### Extracted information ###

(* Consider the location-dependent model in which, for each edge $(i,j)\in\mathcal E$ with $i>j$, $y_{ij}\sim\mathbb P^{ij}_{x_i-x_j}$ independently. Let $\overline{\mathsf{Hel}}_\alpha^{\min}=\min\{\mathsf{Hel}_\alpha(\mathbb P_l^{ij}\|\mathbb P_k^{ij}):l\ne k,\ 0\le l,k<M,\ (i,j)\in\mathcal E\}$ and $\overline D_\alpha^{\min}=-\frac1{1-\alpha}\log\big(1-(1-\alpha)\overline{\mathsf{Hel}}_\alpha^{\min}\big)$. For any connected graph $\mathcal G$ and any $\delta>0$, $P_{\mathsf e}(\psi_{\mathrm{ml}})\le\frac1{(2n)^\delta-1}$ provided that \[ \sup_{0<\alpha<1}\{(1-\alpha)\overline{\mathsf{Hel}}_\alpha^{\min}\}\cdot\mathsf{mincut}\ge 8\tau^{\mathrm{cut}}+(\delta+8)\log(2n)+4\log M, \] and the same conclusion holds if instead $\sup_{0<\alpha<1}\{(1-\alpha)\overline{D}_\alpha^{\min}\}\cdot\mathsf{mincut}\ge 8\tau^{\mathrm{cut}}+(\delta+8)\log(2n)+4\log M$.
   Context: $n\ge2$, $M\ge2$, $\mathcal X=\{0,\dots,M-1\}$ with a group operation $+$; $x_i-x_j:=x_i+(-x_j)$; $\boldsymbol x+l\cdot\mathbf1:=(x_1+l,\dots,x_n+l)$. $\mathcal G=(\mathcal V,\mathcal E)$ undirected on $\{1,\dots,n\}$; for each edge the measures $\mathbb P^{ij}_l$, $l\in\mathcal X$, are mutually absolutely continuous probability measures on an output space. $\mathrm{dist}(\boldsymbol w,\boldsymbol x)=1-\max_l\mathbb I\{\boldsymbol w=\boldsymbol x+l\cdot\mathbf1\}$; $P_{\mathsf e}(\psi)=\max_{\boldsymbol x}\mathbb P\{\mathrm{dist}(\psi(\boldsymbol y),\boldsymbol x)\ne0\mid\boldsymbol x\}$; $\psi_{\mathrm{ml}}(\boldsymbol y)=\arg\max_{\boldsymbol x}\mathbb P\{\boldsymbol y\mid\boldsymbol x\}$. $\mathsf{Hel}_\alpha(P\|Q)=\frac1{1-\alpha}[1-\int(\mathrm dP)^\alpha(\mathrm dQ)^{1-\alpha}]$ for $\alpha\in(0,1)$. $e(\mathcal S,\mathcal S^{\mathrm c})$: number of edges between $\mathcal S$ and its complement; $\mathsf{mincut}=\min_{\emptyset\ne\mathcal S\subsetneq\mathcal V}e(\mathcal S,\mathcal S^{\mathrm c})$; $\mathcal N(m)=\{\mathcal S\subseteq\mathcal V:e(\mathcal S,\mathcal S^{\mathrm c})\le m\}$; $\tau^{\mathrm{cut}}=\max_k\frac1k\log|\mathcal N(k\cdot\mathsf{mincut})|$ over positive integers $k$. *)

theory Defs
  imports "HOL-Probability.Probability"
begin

###

## Action item
The requested output is the line holding "theory Defs" and every line after it up to the last line of the listing, exactly, with nothing else.

## Your response
theory Defs
  imports "HOL-Probability.Probability"
begin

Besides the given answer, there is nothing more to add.